### [Material for this exercise]
[Start of Attachment]

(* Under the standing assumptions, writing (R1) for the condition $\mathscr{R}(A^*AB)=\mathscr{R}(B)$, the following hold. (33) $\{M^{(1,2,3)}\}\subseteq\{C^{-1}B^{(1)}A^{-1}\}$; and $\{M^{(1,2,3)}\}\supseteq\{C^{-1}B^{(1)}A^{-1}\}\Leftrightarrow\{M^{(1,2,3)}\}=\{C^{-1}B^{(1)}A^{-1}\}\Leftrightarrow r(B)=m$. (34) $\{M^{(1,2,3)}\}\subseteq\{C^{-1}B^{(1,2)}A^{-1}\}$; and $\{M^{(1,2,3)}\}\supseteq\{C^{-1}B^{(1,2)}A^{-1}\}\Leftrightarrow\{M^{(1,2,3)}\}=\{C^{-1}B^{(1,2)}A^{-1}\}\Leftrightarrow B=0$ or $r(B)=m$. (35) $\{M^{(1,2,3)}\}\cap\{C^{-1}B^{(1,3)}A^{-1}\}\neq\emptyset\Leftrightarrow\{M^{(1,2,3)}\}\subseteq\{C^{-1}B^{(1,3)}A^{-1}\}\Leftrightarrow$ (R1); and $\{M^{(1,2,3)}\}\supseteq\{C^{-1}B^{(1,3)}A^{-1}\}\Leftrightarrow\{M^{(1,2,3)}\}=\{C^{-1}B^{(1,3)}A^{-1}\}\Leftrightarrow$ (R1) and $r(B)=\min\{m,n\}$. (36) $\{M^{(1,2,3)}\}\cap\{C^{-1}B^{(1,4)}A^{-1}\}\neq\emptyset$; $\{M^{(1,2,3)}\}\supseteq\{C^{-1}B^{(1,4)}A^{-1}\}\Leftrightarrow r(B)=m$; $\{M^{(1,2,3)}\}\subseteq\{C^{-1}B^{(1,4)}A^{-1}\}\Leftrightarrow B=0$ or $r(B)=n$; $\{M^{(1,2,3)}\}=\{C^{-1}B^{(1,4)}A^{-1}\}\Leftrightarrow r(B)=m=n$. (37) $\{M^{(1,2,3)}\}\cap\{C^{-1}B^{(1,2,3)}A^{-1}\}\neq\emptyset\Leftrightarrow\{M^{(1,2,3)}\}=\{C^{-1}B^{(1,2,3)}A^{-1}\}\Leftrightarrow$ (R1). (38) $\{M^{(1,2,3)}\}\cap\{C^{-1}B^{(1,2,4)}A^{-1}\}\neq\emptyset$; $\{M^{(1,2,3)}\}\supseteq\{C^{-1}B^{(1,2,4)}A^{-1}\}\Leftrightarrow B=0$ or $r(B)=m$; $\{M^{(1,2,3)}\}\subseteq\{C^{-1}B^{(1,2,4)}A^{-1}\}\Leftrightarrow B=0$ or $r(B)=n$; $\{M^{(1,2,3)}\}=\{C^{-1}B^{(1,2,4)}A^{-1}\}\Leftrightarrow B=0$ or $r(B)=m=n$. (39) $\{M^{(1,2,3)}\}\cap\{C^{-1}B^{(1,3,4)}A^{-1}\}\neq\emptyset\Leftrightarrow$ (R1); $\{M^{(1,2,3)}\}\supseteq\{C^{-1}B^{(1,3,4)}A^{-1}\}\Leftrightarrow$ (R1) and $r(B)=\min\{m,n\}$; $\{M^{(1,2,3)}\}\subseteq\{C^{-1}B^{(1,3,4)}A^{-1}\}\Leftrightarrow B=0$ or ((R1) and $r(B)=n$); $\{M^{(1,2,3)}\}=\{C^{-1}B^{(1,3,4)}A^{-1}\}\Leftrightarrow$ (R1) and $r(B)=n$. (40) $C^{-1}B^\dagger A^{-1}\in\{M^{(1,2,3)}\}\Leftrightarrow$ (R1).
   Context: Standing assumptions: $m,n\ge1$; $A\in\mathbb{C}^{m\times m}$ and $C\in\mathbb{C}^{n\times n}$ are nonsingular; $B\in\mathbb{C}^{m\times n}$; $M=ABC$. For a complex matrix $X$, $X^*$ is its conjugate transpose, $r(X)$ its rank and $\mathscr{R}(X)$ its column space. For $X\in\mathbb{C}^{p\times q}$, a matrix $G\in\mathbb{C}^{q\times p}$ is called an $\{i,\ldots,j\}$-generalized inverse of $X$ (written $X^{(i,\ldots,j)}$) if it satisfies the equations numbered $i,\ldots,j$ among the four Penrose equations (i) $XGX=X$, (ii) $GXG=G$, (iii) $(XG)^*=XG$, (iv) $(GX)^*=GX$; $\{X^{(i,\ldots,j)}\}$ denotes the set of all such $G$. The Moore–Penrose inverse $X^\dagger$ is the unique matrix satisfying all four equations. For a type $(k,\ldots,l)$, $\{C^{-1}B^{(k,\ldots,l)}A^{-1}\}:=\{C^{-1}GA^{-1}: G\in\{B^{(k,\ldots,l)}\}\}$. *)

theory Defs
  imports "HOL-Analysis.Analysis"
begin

[End of Attachment]

### [What is being asked]
Print the records above again, every one, exactly as written.

### [Result below]
(* Under the standing assumptions, writing (R1) for the condition $\mathscr{R}(A^*AB)=\mathscr{R}(B)$, the following hold. (33) $\{M^{(1,2,3)}\}\subseteq\{C^{-1}B^{(1)}A^{-1}\}$; and $\{M^{(1,2,3)}\}\supseteq\{C^{-1}B^{(1)}A^{-1}\}\Leftrightarrow\{M^{(1,2,3)}\}=\{C^{-1}B^{(1)}A^{-1}\}\Leftrightarrow r(B)=m$. (34) $\{M^{(1,2,3)}\}\subseteq\{C^{-1}B^{(1,2)}A^{-1}\}$; and $\{M^{(1,2,3)}\}\supseteq\{C^{-1}B^{(1,2)}A^{-1}\}\Leftrightarrow\{M^{(1,2,3)}\}=\{C^{-1}B^{(1,2)}A^{-1}\}\Leftrightarrow B=0$ or $r(B)=m$. (35) $\{M^{(1,2,3)}\}\cap\{C^{-1}B^{(1,3)}A^{-1}\}\neq\emptyset\Leftrightarrow\{M^{(1,2,3)}\}\subseteq\{C^{-1}B^{(1,3)}A^{-1}\}\Leftrightarrow$ (R1); and $\{M^{(1,2,3)}\}\supseteq\{C^{-1}B^{(1,3)}A^{-1}\}\Leftrightarrow\{M^{(1,2,3)}\}=\{C^{-1}B^{(1,3)}A^{-1}\}\Leftrightarrow$ (R1) and $r(B)=\min\{m,n\}$. (36) $\{M^{(1,2,3)}\}\cap\{C^{-1}B^{(1,4)}A^{-1}\}\neq\emptyset$; $\{M^{(1,2,3)}\}\supseteq\{C^{-1}B^{(1,4)}A^{-1}\}\Leftrightarrow r(B)=m$; $\{M^{(1,2,3)}\}\subseteq\{C^{-1}B^{(1,4)}A^{-1}\}\Leftrightarrow B=0$ or $r(B)=n$; $\{M^{(1,2,3)}\}=\{C^{-1}B^{(1,4)}A^{-1}\}\Leftrightarrow r(B)=m=n$. (37) $\{M^{(1,2,3)}\}\cap\{C^{-1}B^{(1,2,3)}A^{-1}\}\neq\emptyset\Leftrightarrow\{M^{(1,2,3)}\}=\{C^{-1}B^{(1,2,3)}A^{-1}\}\Leftrightarrow$ (R1). (38) $\{M^{(1,2,3)}\}\cap\{C^{-1}B^{(1,2,4)}A^{-1}\}\neq\emptyset$; $\{M^{(1,2,3)}\}\supseteq\{C^{-1}B^{(1,2,4)}A^{-1}\}\Leftrightarrow B=0$ or $r(B)=m$; $\{M^{(1,2,3)}\}\subseteq\{C^{-1}B^{(1,2,4)}A^{-1}\}\Leftrightarrow B=0$ or $r(B)=n$; $\{M^{(1,2,3)}\}=\{C^{-1}B^{(1,2,4)}A^{-1}\}\Leftrightarrow B=0$ or $r(B)=m=n$. (39) $\{M^{(1,2,3)}\}\cap\{C^{-1}B^{(1,3,4)}A^{-1}\}\neq\emptyset\Leftrightarrow$ (R1); $\{M^{(1,2,3)}\}\supseteq\{C^{-1}B^{(1,3,4)}A^{-1}\}\Leftrightarrow$ (R1) and $r(B)=\min\{m,n\}$; $\{M^{(1,2,3)}\}\subseteq\{C^{-1}B^{(1,3,4)}A^{-1}\}\Leftrightarrow B=0$ or ((R1) and $r(B)=n$); $\{M^{(1,2,3)}\}=\{C^{-1}B^{(1,3,4)}A^{-1}\}\Leftrightarrow$ (R1) and $r(B)=n$. (40) $C^{-1}B^\dagger A^{-1}\in\{M^{(1,2,3)}\}\Leftrightarrow$ (R1).
   Context: Standing assumptions: $m,n\ge1$; $A\in\mathbb{C}^{m\times m}$ and $C\in\mathbb{C}^{n\times n}$ are nonsingular; $B\in\mathbb{C}^{m\times n}$; $M=ABC$. For a complex matrix $X$, $X^*$ is its conjugate transpose, $r(X)$ its rank and $\mathscr{R}(X)$ its column space. For $X\in\mathbb{C}^{p\times q}$, a matrix $G\in\mathbb{C}^{q\times p}$ is called an $\{i,\ldots,j\}$-generalized inverse of $X$ (written $X^{(i,\ldots,j)}$) if it satisfies the equations numbered $i,\ldots,j$ among the four Penrose equations (i) $XGX=X$, (ii) $GXG=G$, (iii) $(XG)^*=XG$, (iv) $(GX)^*=GX$; $\{X^{(i,\ldots,j)}\}$ denotes the set of all such $G$. The Moore–Penrose inverse $X^\dagger$ is the unique matrix satisfying all four equations. For a type $(k,\ldots,l)$, $\{C^{-1}B^{(k,\ldots,l)}A^{-1}\}:=\{C^{-1}GA^{-1}: G\in\{B^{(k,\ldots,l)}\}\}$. *)

theory Defs
  imports "HOL-Analysis.Analysis"
begin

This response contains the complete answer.